Le moins que l’on puisse dire est qu’ils protestent en vain. Les décisions sont prises ailleurs. La police est là pour appliquer. Loin de se réjouir du plan de sauvetage, conclu, le 25 mars, à l’arraché avec l’Union européenne, la presse chypriote dénonce les "diktats" de l’étranger et n’hésite pas, à l’instar du quotidien O Phileleftheros, d’appeler les habitants de l’île à entrer en résistance.
« Aujourd’hui lit-on sur ce journal - qui appelle à un mea culpa et à se ressaisir-, j’éprouve, écrit Emmanuil Lioudakis, le besoin, plus que jamais, d’écrire pour tenter de rassembler les morceaux de la dignité de ce peuple détruite par l’imposition de mesures inadmissibles par nos partenaires dans l’Union européenne (UE). Aujourd’hui, des milliers de personnes se sont réveillées et, au lieu de se préoccuper de leurs tâches quotidiennes, elles ont ressenti un immense vide. Car leur pays, Chypre, n’est plus. Notre île a disparu quelques semaines avant Pâques, au début du Carême, abdiquant devant les diktats de l’UE et de la Troïka (FMI, Commission et Banque centrale européennes). J’ai en moi un sentiment de dégoût, de honte et de déception. Quid de notre fierté, de notre dignité et de notre force d’opposition ? » (5)
En fait, si nous nous sommes retrouvés au bord du gouffre, c’est en grande partie à cause de nos fautes. (..) Que vont devenir ces milliers d’employés qui perdent leur travail et dont le salaire est pris en otage par les dettes ? La plupart d’entre eux seront remerciés sans aucun dédommagement. C’est pour cela que je veux, m’adresser à mes compatriotes, aux gens simples, et leur demander d’inscrire dans leur vie cet objectif de redresser notre système bancaire afin d’obtenir le départ de la Troïka et la redéfinition de nos liens de solidarité. C’est maintenant qu’il faut montrer notre patriotisme. Il faut montrer que l’âme des Hellènes ne se soumet pas aussi facilement aux diktats étrangers. Notre âme bouillonne et nos poings sont fermés. (...) Il faut aider notre Etat à se relever. (...) Patience et bon courage à tous. » (5)

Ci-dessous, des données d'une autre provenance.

lemma eventually_abs_le_pi_sqrt: "eventually (\<lambda>n. 1 \<le> n \<and> \<bar>s\<bar> \<le> pi * sqrt (real n)) sequentially"
proof -
  have "1 \<le> n \<and> \<bar>s\<bar> \<le> pi * sqrt (real n)" if "nat \<lceil>s\<^sup>2\<rceil> + 1 \<le> n" for n
  proof
    show "1 \<le> n" using that by simp
    have "s\<^sup>2 \<le> real n" using that by linarith
    then have "\<bar>s\<bar> \<le> 1 * sqrt (real n)" using real_sqrt_le_mono by fastforce
    also have "\<dots> \<le> pi * sqrt (real n)" by (rule mult_right_mono) (use pi_gt3 in auto)
    finally show "\<bar>s\<bar> \<le> pi * sqrt (real n)" .
  qed
  then show ?thesis unfolding eventually_sequentially by blast
qed

lemma div_sqrt_mem_pi_interval:
  assumes "1 \<le> n" "\<bar>s\<bar> \<le> pi * sqrt (real n)"
  shows "s / sqrt (real n) \<in> {-pi..pi}"
proof -
  have "\<bar>s / sqrt (real n)\<bar> \<le> pi" using assms by (simp add: abs_div divide_le_eq mult.commute)
  then show ?thesis by (simp only: atLeastAtMost_iff) (metis abs_le_iff minus_le_iff)
qed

Même appréciation d’un autre journal qui dénonce le manque de solidarité au profit d’une « réalpolitik » décidée ailleurs. Nous lisons : « En imposant une taxe sur les dépôts bancaires en échange d’un plan d’aide de 10 milliards d’euros, les dirigeants de la zone euro ont commis au mieux "un dangereux précédent", au pire, "un chantage", selon la presse européenne. Sous le titre "L’Europe bâcle un autre sauvetage", le Financial Times condamne la taxe inattendue sur les dépôts, [...]. Face à un Etat membre en perdition, les dirigeants ont accroché du plomb au cou de Chypre au lieu de lui jeter une bouée de sauvetage. (..) On connaît le refrain : une fois de plus, il n’y avait pas d’autre solution. (...) Jadis, les citoyens européens avaient des droits, aujourd’hui, leurs dépôts bancaires risquent d’être imposables sans préavis, comme ce qui s’est passé à Chypre. L’arbitraire et le mépris total de l’Union européenne pour les règles et les valeurs sont devenus monnaie courante. La démocratie est maintenant une notion relative. Et le chantage a remplacé la solidarité ».(6)
Aucun état d’âme
On le voit, les hommes en noir de la troïka n’ont aucun état d’âme quand il s’agit de sauver à tout prix le système et les banques quitte à précipiter dans le désespoir des milliers de besogneux de sans-grade, qui sou après sou, pensent assurer leurs arrières en vivant une retraite dans la dignité. Rien n’y fait, les requins de la finance internationale les rattrapent et les jettent dans la détresse absolue.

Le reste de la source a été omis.